- _What is expected_: Using the listing below, print exactly everything from the line with "moreover obtain i" down to the line with "using sides_disjoint[of i j] that", both included, and nothing more.

- _Available records_:
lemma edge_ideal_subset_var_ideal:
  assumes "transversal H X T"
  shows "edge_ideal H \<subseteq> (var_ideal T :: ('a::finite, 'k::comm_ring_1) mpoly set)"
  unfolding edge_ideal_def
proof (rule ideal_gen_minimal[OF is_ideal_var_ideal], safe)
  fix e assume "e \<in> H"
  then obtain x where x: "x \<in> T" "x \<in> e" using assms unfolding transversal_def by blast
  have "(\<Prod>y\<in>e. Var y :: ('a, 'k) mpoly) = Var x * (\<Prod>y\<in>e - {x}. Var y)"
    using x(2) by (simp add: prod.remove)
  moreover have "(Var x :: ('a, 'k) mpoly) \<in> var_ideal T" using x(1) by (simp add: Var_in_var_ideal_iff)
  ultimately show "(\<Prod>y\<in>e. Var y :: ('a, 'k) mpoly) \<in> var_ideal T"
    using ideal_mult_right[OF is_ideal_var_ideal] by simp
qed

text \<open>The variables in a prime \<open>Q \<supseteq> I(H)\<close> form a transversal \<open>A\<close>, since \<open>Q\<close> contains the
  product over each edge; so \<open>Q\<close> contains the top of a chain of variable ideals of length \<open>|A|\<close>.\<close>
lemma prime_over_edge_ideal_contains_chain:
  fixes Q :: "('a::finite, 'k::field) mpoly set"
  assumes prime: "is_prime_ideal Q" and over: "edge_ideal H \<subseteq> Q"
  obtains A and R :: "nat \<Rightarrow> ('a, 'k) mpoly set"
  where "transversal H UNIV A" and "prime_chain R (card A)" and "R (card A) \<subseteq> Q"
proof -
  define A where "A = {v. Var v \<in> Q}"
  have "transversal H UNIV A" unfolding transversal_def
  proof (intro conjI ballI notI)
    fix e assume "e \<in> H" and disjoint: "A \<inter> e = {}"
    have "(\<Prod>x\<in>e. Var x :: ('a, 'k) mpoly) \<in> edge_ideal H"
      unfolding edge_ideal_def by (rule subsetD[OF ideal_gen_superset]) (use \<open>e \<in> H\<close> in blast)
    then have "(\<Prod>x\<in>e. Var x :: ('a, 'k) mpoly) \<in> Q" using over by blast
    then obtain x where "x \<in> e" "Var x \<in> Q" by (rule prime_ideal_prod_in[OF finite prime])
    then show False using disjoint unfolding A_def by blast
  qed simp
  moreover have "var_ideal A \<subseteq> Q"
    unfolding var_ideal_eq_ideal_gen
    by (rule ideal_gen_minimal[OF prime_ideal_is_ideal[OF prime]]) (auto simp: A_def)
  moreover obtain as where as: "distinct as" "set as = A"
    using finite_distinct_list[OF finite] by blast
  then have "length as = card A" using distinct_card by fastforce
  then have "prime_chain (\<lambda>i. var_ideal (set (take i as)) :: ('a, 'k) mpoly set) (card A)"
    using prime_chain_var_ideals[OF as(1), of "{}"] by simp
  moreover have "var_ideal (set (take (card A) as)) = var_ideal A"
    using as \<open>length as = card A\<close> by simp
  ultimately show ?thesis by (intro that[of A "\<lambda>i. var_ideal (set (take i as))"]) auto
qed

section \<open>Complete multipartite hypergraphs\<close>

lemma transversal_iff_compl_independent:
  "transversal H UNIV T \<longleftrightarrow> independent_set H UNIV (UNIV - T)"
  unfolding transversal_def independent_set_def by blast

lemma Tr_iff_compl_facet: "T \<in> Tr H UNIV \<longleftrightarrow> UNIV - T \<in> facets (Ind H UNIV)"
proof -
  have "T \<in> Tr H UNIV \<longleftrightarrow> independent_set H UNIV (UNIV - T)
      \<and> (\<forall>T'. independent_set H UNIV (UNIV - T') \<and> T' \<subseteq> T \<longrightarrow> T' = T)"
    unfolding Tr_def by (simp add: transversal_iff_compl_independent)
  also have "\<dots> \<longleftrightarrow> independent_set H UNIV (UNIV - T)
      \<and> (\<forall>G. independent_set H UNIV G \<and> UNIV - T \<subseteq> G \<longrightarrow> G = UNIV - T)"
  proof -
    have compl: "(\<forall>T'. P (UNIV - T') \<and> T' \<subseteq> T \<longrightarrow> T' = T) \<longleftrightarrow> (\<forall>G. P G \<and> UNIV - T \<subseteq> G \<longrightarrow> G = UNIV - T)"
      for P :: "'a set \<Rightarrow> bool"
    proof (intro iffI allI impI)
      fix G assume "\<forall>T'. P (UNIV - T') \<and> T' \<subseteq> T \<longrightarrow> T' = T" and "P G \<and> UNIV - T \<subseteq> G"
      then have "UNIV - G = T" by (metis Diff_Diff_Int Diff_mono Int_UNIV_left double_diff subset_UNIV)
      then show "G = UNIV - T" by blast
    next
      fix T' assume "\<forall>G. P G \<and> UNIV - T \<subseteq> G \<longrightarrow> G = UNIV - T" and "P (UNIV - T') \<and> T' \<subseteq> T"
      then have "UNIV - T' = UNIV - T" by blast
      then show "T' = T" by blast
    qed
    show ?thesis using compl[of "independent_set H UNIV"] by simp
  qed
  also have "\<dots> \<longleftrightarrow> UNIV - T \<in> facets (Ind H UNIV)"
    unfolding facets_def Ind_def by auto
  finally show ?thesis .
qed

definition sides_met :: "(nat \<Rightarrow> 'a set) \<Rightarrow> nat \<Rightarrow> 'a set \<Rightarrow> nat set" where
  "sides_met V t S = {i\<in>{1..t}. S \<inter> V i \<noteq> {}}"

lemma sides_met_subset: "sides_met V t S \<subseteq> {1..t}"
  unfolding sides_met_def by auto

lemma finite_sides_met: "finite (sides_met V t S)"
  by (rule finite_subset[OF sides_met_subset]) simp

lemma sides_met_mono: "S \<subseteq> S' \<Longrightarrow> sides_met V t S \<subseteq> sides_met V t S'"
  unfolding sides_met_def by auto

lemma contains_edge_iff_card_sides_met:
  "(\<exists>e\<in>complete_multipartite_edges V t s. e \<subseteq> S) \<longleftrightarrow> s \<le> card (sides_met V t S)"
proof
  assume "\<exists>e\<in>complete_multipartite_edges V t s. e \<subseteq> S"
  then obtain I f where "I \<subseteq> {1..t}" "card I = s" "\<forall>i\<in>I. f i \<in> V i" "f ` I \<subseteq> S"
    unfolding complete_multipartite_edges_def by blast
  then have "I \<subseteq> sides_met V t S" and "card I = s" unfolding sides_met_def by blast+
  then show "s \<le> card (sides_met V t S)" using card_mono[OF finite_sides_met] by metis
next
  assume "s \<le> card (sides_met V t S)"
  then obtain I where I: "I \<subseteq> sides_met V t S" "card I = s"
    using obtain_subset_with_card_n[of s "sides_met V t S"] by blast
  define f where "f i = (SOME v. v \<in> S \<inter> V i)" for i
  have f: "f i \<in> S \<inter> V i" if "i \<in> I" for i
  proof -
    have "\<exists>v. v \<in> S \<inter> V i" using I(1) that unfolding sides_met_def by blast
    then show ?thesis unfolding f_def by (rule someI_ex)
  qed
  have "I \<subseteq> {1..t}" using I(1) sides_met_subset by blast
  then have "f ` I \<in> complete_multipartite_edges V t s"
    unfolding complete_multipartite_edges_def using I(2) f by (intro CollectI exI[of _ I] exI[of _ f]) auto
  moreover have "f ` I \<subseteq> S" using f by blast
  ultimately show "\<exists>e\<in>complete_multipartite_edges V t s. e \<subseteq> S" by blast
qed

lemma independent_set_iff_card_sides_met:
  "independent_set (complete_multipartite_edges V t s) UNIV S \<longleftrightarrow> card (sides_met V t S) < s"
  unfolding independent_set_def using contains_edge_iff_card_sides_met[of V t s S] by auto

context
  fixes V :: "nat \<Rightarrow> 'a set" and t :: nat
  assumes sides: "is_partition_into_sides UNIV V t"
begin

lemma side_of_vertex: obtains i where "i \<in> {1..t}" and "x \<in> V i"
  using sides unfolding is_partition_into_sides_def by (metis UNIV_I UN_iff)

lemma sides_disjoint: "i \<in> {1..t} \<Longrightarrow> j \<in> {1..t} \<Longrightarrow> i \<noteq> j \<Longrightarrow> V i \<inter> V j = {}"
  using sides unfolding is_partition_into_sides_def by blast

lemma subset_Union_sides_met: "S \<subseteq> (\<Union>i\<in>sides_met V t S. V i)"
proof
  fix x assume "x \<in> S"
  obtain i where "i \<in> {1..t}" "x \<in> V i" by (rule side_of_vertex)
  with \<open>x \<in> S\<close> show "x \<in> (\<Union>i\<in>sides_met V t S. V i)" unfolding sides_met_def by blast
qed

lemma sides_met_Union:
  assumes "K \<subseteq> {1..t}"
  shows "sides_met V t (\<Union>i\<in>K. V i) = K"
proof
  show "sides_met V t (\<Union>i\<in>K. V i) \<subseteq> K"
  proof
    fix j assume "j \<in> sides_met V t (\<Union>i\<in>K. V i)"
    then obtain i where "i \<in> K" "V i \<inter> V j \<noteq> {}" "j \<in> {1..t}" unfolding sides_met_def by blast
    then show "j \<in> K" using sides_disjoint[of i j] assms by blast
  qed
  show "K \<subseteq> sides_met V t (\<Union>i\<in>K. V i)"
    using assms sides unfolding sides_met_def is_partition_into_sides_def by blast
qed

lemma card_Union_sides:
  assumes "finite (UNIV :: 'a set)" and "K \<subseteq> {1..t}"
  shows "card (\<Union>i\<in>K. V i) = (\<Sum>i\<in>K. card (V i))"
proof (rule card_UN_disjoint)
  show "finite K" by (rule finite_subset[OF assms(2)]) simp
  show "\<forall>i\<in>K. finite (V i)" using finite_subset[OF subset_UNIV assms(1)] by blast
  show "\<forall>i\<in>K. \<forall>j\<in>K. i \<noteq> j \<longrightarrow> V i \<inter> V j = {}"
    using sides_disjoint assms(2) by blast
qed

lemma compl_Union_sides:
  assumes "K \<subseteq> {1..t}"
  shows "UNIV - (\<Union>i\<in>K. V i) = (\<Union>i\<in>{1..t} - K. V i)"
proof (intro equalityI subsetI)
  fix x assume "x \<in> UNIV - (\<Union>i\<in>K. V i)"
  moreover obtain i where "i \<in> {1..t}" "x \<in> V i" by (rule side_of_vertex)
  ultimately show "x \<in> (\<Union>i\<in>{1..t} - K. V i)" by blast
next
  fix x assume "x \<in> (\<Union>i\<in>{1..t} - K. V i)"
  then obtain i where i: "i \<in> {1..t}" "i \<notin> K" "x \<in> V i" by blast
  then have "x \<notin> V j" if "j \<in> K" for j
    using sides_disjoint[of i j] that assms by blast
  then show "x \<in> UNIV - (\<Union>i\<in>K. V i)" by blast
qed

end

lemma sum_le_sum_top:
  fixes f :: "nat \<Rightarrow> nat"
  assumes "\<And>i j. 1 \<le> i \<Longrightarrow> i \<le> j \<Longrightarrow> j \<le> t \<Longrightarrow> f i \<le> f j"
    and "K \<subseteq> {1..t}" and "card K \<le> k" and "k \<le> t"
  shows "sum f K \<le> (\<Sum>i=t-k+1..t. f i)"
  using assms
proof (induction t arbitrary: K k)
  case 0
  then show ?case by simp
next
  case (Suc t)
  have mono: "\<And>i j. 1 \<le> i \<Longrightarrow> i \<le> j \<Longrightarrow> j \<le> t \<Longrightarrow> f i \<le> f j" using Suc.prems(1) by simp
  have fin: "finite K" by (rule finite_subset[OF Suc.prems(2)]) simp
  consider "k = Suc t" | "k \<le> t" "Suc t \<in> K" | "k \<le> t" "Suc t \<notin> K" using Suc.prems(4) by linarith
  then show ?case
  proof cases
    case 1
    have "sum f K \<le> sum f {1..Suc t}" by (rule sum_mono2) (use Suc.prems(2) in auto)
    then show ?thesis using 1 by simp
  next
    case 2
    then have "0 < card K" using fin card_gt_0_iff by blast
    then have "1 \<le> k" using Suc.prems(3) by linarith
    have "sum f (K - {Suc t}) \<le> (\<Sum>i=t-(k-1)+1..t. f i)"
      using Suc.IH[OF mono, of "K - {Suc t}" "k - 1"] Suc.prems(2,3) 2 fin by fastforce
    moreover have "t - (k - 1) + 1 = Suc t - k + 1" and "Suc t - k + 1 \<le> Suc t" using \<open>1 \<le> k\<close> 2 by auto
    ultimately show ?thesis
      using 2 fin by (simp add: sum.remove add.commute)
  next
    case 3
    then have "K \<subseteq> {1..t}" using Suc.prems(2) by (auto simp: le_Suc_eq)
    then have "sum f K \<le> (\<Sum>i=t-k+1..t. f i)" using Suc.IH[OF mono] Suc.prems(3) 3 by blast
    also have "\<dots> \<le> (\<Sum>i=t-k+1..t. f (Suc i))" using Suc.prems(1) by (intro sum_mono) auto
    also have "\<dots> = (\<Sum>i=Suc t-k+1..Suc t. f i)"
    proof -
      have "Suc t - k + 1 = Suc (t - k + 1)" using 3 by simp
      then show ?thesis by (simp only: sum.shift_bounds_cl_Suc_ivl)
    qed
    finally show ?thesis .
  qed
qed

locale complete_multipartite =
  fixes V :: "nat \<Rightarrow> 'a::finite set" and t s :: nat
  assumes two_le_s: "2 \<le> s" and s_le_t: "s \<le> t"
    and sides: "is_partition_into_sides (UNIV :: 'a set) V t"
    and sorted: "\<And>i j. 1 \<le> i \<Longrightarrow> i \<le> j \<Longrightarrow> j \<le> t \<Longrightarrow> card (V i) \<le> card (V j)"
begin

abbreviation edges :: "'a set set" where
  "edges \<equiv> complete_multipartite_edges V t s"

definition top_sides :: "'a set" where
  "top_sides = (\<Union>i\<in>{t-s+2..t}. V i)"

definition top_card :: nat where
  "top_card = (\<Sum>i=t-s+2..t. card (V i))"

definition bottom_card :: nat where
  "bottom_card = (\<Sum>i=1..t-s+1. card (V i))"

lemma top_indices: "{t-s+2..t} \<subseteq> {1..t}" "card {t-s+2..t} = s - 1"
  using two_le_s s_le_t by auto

- _Result for this exercise_:
  moreover obtain i where "i \<in> {1..t}" "x \<in> V i" by (rule side_of_vertex)
  ultimately show "x \<in> (\<Union>i\<in>{1..t} - K. V i)" by blast
next
  fix x assume "x \<in> (\<Union>i\<in>{1..t} - K. V i)"
  then obtain i where i: "i \<in> {1..t}" "i \<notin> K" "x \<in> V i" by blast
  then have "x \<notin> V j" if "j \<in> K" for j
    using sides_disjoint[of i j] that assms by blast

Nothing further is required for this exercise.